• [YOUR OBJECTIVE]:
Below this line is the material. Write out only its lines from the one containing "using assms(3)" through the one containing "(Suc i) = X", both kept, exactly.

········

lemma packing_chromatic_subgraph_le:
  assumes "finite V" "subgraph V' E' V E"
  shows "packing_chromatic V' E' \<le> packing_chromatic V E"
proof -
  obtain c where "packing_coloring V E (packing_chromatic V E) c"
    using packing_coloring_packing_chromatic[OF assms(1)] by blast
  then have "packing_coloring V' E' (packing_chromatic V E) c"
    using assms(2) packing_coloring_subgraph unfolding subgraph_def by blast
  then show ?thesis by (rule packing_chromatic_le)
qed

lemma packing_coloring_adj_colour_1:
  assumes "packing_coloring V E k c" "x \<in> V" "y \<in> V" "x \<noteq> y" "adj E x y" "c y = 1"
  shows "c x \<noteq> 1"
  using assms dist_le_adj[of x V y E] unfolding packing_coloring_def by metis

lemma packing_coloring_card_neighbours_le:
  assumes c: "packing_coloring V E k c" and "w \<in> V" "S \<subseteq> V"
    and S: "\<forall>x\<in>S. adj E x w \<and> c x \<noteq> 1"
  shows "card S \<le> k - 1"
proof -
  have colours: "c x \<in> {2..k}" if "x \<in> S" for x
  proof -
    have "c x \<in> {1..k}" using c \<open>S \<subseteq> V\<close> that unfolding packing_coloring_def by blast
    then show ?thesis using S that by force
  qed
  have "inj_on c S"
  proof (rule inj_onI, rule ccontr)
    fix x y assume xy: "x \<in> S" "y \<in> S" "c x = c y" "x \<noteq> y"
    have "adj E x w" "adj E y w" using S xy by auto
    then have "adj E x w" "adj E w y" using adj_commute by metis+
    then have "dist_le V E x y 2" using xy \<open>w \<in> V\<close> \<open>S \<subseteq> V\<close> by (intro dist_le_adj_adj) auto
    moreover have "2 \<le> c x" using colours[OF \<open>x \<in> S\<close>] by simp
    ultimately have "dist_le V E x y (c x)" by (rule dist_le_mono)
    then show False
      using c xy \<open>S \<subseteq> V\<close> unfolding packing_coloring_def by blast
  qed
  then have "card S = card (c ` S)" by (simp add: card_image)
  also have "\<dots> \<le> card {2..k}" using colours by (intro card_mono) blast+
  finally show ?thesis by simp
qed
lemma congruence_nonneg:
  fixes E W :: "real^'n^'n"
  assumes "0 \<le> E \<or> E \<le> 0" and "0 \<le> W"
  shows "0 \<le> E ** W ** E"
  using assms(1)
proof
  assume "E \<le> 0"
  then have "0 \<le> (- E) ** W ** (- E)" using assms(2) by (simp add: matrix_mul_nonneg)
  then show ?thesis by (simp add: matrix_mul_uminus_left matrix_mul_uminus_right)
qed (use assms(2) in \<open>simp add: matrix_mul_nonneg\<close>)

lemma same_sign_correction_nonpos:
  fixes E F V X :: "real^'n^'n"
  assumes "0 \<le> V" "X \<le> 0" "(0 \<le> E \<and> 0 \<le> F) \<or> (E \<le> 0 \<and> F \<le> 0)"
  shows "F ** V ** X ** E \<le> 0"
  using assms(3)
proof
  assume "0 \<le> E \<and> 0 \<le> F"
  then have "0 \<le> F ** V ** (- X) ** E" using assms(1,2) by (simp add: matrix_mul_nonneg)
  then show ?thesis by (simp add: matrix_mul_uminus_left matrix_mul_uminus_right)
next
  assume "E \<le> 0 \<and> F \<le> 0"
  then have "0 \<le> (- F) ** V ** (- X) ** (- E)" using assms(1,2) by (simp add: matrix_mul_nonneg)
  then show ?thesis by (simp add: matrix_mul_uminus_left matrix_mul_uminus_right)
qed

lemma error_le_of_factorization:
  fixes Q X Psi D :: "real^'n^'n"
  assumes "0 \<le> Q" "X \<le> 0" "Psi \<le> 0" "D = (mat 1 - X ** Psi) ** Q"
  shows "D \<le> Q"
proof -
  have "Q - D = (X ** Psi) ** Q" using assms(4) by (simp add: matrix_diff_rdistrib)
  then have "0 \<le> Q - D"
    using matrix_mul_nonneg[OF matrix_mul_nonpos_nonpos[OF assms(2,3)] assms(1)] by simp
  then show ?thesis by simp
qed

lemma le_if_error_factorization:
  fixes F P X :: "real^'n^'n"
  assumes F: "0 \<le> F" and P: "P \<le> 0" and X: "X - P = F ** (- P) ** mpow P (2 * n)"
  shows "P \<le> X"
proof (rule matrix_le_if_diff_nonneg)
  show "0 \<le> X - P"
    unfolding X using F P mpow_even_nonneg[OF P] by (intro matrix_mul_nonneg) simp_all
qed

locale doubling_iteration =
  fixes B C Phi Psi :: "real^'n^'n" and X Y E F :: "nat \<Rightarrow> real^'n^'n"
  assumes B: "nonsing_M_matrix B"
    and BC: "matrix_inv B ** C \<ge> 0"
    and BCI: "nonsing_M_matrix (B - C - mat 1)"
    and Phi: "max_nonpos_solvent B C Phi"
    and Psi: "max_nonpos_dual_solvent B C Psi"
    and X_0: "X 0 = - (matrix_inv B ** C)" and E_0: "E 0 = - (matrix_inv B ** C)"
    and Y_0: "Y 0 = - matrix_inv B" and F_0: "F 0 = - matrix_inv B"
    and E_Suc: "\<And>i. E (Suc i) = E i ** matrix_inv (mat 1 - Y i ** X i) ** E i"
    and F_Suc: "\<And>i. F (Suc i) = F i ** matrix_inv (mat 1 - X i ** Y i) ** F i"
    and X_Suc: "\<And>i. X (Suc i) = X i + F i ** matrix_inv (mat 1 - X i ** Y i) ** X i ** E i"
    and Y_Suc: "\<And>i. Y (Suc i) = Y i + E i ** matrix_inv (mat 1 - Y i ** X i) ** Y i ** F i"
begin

········

• [ANSWER AREA]:
  using assms(3)
proof
  assume "0 \<le> E \<and> 0 \<le> F"
  then have "0 \<le> F ** V ** (- X) ** E" using assms(1,2) by (simp add: matrix_mul_nonneg)
  then show ?thesis by (simp add: matrix_mul_uminus_left matrix_mul_uminus_right)
next
  assume "E \<le> 0 \<and> F \<le> 0"
  then have "0 \<le> (- F) ** V ** (- X) ** (- E)" using assms(1,2) by (simp add: matrix_mul_nonneg)
  then show ?thesis by (simp add: matrix_mul_uminus_left matrix_mul_uminus_right)
qed

lemma error_le_of_factorization:
  fixes Q X Psi D :: "real^'n^'n"
  assumes "0 \<le> Q" "X \<le> 0" "Psi \<le> 0" "D = (mat 1 - X ** Psi) ** Q"
  shows "D \<le> Q"
proof -
  have "Q - D = (X ** Psi) ** Q" using assms(4) by (simp add: matrix_diff_rdistrib)
  then have "0 \<le> Q - D"
    using matrix_mul_nonneg[OF matrix_mul_nonpos_nonpos[OF assms(2,3)] assms(1)] by simp
  then show ?thesis by simp
qed

lemma le_if_error_factorization:
  fixes F P X :: "real^'n^'n"
  assumes F: "0 \<le> F" and P: "P \<le> 0" and X: "X - P = F ** (- P) ** mpow P (2 * n)"
  shows "P \<le> X"
proof (rule matrix_le_if_diff_nonneg)
  show "0 \<le> X - P"
    unfolding X using F P mpow_even_nonneg[OF P] by (intro matrix_mul_nonneg) simp_all
qed

locale doubling_iteration =
  fixes B C Phi Psi :: "real^'n^'n" and X Y E F :: "nat \<Rightarrow> real^'n^'n"
  assumes B: "nonsing_M_matrix B"
    and BC: "matrix_inv B ** C \<ge> 0"
    and BCI: "nonsing_M_matrix (B - C - mat 1)"
    and Phi: "max_nonpos_solvent B C Phi"
    and Psi: "max_nonpos_dual_solvent B C Psi"
    and X_0: "X 0 = - (matrix_inv B ** C)" and E_0: "E 0 = - (matrix_inv B ** C)"
    and Y_0: "Y 0 = - matrix_inv B" and F_0: "F 0 = - matrix_inv B"
    and E_Suc: "\<And>i. E (Suc i) = E i ** matrix_inv (mat 1 - Y i ** X i) ** E i"
    and F_Suc: "\<And>i. F (Suc i) = F i ** matrix_inv (mat 1 - X i ** Y i) ** F i"
    and X_Suc: "\<And>i. X (Suc i) = X i + F i ** matrix_inv (mat 1 - X i ** Y i) ** X i ** E i"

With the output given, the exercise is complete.